(* Let $p > 0$, let $X$ be a random variable on a probability space with $X \ge 0$ almost surely and $X \in L^p$ (i.e. $E X^p < \infty$), and let $0 < r < s \le p/2$. Then $$\operatorname{Var}(X^r)^{1/r} \le \operatorname{Var}(X^s)^{1/s}.$$
   Context: $\operatorname{Var}(Y) = E(Y^2) - (EY)^2$ denotes the variance of a square-integrable random variable $Y$. Statements such as $X\ge 0$ are meant almost surely. *)

theory Defs
  imports "HOL-Probability.Probability"
begin

end

theory Submission
  imports Defs
begin

text \<open>
  Put U = X^r and t = s/r \<ge> 1; it suffices to show Var(U)^t \<le> Var(U^t) for U \<ge> 0.
  With c = (E U^t)^(1/t) we have Var U \<le> E (U - c)^2, and by Jensen
  (E (U - c)^2)^t \<le> E |U - c|^(2t). Superadditivity of x \<mapsto> x^t on [0, \<infinity>) gives
  |U - c|^t \<le> |U^t - c^t| pointwise, so the last expectation is at most
  E (U^t - E U^t)^2 = Var(U^t).
\<close>

lemma powr_above_tangent:
  fixes t m w :: real
  assumes t: "t \<ge> 1" and m: "m > 0" and w: "w \<ge> 0"
  shows "m powr t + t * m powr (t - 1) * (w - m) \<le> w powr t"
proof (cases "w = 0")
  case True
  have "m powr t = m * m powr (t - 1)"
    using m by (simp add: powr_mult_base)
  then show ?thesis using True t m by (simp add: algebra_simps)
next
  case False
  with w have "w > 0" by simp
  have deriv: "((\<lambda>x. x powr t) has_field_derivative t * m powr (t - 1)) (at m within {0<..})"
    using m by (auto intro!: derivative_eq_intros)
  have "t * m powr (t - 1) * (w - m) \<le> w powr t - m powr t"
    by (rule convex_on_imp_above_tangent[OF powr_convex[OF t] _ _ _ deriv])
       (use m \<open>w > 0\<close> in \<open>auto simp: interior_open\<close>)
  then show ?thesis by simp
qed

lemma powr_add_le_powr_add:
  fixes a b t :: real
  assumes a: "a \<ge> 0" and b: "b \<ge> 0" and t: "t \<ge> 1"
  shows "a powr t + b powr t \<le> (a + b) powr t"
proof -
  have "a powr t = a * a powr (t - 1)" "b powr t = b * b powr (t - 1)"
    using a b by (simp_all add: powr_mult_base)
  moreover have "a powr (t - 1) \<le> (a + b) powr (t - 1)" "b powr (t - 1) \<le> (a + b) powr (t - 1)"
    using a b t by (simp_all add: powr_mono2)
  ultimately have "a powr t + b powr t \<le> (a + b) * (a + b) powr (t - 1)"
    using a b by (simp add: distrib_right add_mono mult_left_mono)
  also have "\<dots> = (a + b) powr t"
    using a b by (simp add: powr_mult_base)
  finally show ?thesis .
qed

lemma abs_diff_powr_le:
  fixes u c t :: real
  assumes "u \<ge> 0" "c \<ge> 0" "t \<ge> 1"
  shows "\<bar>u - c\<bar> powr t \<le> \<bar>u powr t - c powr t\<bar>"
proof (cases "c \<le> u")
  case True
  have "c powr t + (u - c) powr t \<le> (c + (u - c)) powr t"
    by (rule powr_add_le_powr_add) (use assms True in auto)
  then show ?thesis using True by simp
next
  case False
  have "u powr t + (c - u) powr t \<le> (u + (c - u)) powr t"
    by (rule powr_add_le_powr_add) (use assms False in auto)
  then show ?thesis using False by simp
qed

lemma power2_powr: "(x powr a)\<^sup>2 = x powr (2 * a)"
  for x a :: real
  by (cases "x = 0") (simp_all add: powr_power)

lemma powr_power2_abs: "(x\<^sup>2) powr a = (\<bar>x\<bar> powr a)\<^sup>2"
  for x a :: real
proof -
  have "x\<^sup>2 = \<bar>x\<bar> * \<bar>x\<bar>" by (simp add: power2_eq_square)
  then show ?thesis by (simp only: powr_mult power2_eq_square)
qed

context prob_space
begin

lemma integrable_powr_mono:
  fixes X :: "'a \<Rightarrow> real"
  assumes Xm: "X \<in> borel_measurable M" and X0: "AE x in M. X x \<ge> 0"
    and int_p: "integrable M (\<lambda>x. X x powr p)" and q: "0 \<le> q" "q \<le> p"
  shows "integrable M (\<lambda>x. X x powr q)"
proof (rule Bochner_Integration.integrable_bound[of _ "\<lambda>x. 1 + X x powr p"])
  show "integrable M (\<lambda>x. 1 + X x powr p)" using int_p by simp
  show "(\<lambda>x. X x powr q) \<in> borel_measurable M" using Xm by measurable
  show "AE x in M. norm (X x powr q) \<le> norm (1 + X x powr p)"
    using X0
  proof eventually_elim
    case (elim x)
    have "X x powr q \<le> 1 \<or> X x powr q \<le> X x powr p"
      using elim q by (cases "X x \<le> 1") (auto intro: powr_le1 powr_mono)
    then show ?case by (auto intro: add_increasing add_increasing2)
  qed
qed

lemma expectation_powr_le:
  fixes W :: "'a \<Rightarrow> real"
  assumes t: "t \<ge> 1" and W0: "AE x in M. W x \<ge> 0"
    and int_W: "integrable M W" and int_Wt: "integrable M (\<lambda>x. W x powr t)"
  shows "expectation W powr t \<le> expectation (\<lambda>x. W x powr t)"
proof -
  define m where "m = expectation W"
  have "m \<ge> 0" unfolding m_def using W0 by (rule integral_nonneg_AE)
  show ?thesis
  proof (cases "m = 0")
    case True
    then show ?thesis unfolding m_def[symmetric] by (simp add: integral_nonneg_AE)
  next
    case False
    with \<open>m \<ge> 0\<close> have "m > 0" by simp
    \<comment> \<open>Integrate the tangent line of \<open>x \<mapsto> x\<^sup>t\<close> at the mean, which lies below the graph.
      (\<open>jensens_inequality\<close> does not apply: it needs an open interval, but \<open>W\<close> may vanish.)\<close>
    have "expectation (\<lambda>x. m powr t + t * m powr (t - 1) * (W x - m))
          \<le> expectation (\<lambda>x. W x powr t)"
      by (rule integral_mono_AE)
         (use int_W int_Wt W0 in \<open>auto intro!: powr_above_tangent[OF t \<open>m > 0\<close>]\<close>)
    moreover have "expectation (\<lambda>x. m powr t + t * m powr (t - 1) * (W x - m)) = m powr t"
      using int_W prob_space by (simp add: m_def)
    ultimately show ?thesis unfolding m_def by simp
  qed
qed

lemma variance_le_expectation_sq_diff:
  fixes U :: "'a \<Rightarrow> real"
  assumes Um: "U \<in> borel_measurable M" and int_U2: "integrable M (\<lambda>x. (U x)\<^sup>2)"
  shows "variance U \<le> expectation (\<lambda>x. (U x - c)\<^sup>2)"
proof -
  have int_U: "integrable M U" using square_integrable_imp_integrable[OF Um int_U2] .
  have "expectation (\<lambda>x. (U x - c)\<^sup>2) = variance U + (expectation U - c)\<^sup>2"
    using int_U int_U2 prob_space by (simp add: variance_eq power2_diff) (simp add: power2_eq_square)
  then show ?thesis by simp
qed

lemma variance_powr_le:
  fixes U :: "'a \<Rightarrow> real"
  assumes t: "t \<ge> 1" and Um: "U \<in> borel_measurable M" and U0: "AE x in M. U x \<ge> 0"
    and int_U2: "integrable M (\<lambda>x. (U x)\<^sup>2)" and int_Ut2: "integrable M (\<lambda>x. (U x powr t)\<^sup>2)"
  shows "variance U powr t \<le> variance (\<lambda>x. U x powr t)"
proof -
  define m where "m = expectation (\<lambda>x. U x powr t)"
  define c where "c = m powr (1 / t)"
  have "m \<ge> 0" unfolding m_def by (simp add: integral_nonneg_AE)
  then have c_powr: "c powr t = m" unfolding c_def using t by (simp add: powr_powr)
  have Utm: "(\<lambda>x. U x powr t) \<in> borel_measurable M" using Um by measurable
  have int_U: "integrable M U" using square_integrable_imp_integrable[OF Um int_U2] .
  have int_Ut: "integrable M (\<lambda>x. U x powr t)" using square_integrable_imp_integrable[OF Utm int_Ut2] .
  define W where "W = (\<lambda>x. (U x - c)\<^sup>2)"
  have Wm: "W \<in> borel_measurable M" unfolding W_def using Um by measurable
  have int_W: "integrable M W" unfolding W_def power2_diff using int_U int_U2 by simp
  have int_D: "integrable M (\<lambda>x. (U x powr t - m)\<^sup>2)"
    unfolding power2_diff using int_Ut int_Ut2 by simp
  have W_powr_le: "AE x in M. W x powr t \<le> (U x powr t - m)\<^sup>2"
    using U0
  proof eventually_elim
    case (elim x)
    have "\<bar>U x - c\<bar> powr t \<le> \<bar>U x powr t - c powr t\<bar>"
      by (rule abs_diff_powr_le) (use elim t in \<open>auto simp: c_def\<close>)
    then have "(\<bar>U x - c\<bar> powr t)\<^sup>2 \<le> (\<bar>U x powr t - c powr t\<bar>)\<^sup>2"
      by (rule power_mono) simp
    then show ?case unfolding W_def powr_power2_abs c_powr by simp
  qed
  have int_Wt: "integrable M (\<lambda>x. W x powr t)"
    by (rule Bochner_Integration.integrable_bound[OF int_D]) (use Wm W_powr_le in auto)
  have "variance U powr t \<le> expectation W powr t"
    by (rule powr_mono2)
       (use t variance_le_expectation_sq_diff[OF Um int_U2, of c] in \<open>auto simp: W_def\<close>)
  also have "\<dots> \<le> expectation (\<lambda>x. W x powr t)"
    by (rule expectation_powr_le[OF t _ int_W int_Wt]) (simp add: W_def)
  also have "\<dots> \<le> expectation (\<lambda>x. (U x powr t - m)\<^sup>2)"
    by (rule integral_mono_AE[OF int_Wt int_D W_powr_le])
  finally show ?thesis unfolding m_def .
qed

end

theorem corollary2p3:
  fixes M :: "'a measure" and X :: "'a \<Rightarrow> real" and p r s :: real
  assumes "prob_space M"
    and "X \<in> borel_measurable M"
    and "AE x in M. X x \<ge> 0"
    and "p > 0"
    and "integrable M (\<lambda>x. X x powr p)"
    and "0 < r" and "r < s" and "s \<le> p / 2"
  shows "prob_space.variance M (\<lambda>x. X x powr r) powr (1 / r)
           \<le> prob_space.variance M (\<lambda>x. X x powr s) powr (1 / s)"
proof -
  interpret prob_space M by fact
  note Xm = assms(2) and X0 = assms(3) and int_p = assms(5) and r = assms(6) and rs = assms(7)
  define t where "t = s / r"
  have t: "t \<ge> 1" and rt: "r * t = s" unfolding t_def using r rs by simp_all
  have int_2r: "integrable M (\<lambda>x. (X x powr r)\<^sup>2)" and int_2s: "integrable M (\<lambda>x. (X x powr s)\<^sup>2)"
    unfolding power2_powr using assms(6-8)
    by (auto intro!: integrable_powr_mono[OF Xm X0 int_p])
  have "variance (\<lambda>x. X x powr r) powr t \<le> variance (\<lambda>x. X x powr s)"
    using variance_powr_le[OF t _ _ int_2r] int_2s Xm by (simp add: powr_powr rt)
  then have "(variance (\<lambda>x. X x powr r) powr t) powr (1 / s)
             \<le> variance (\<lambda>x. X x powr s) powr (1 / s)"
    using r rs by (intro powr_mono2) auto
  then show ?thesis
    using r rs by (simp add: powr_powr t_def)
qed

end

▶ Activity
Using the records above, copy all lines that include the word "almost".

▶ Answer box
(* Let $p > 0$, let $X$ be a random variable on a probability space with $X \ge 0$ almost surely and $X \in L^p$ (i.e. $E X^p < \infty$), and let $0 < r < s \le p/2$. Then $$\operatorname{Var}(X^r)^{1/r} \le \operatorname{Var}(X^s)^{1/s}.$$
   Context: $\operatorname{Var}(Y) = E(Y^2) - (EY)^2$ denotes the variance of a square-integrable random variable $Y$. Statements such as $X\ge 0$ are meant almost surely. *)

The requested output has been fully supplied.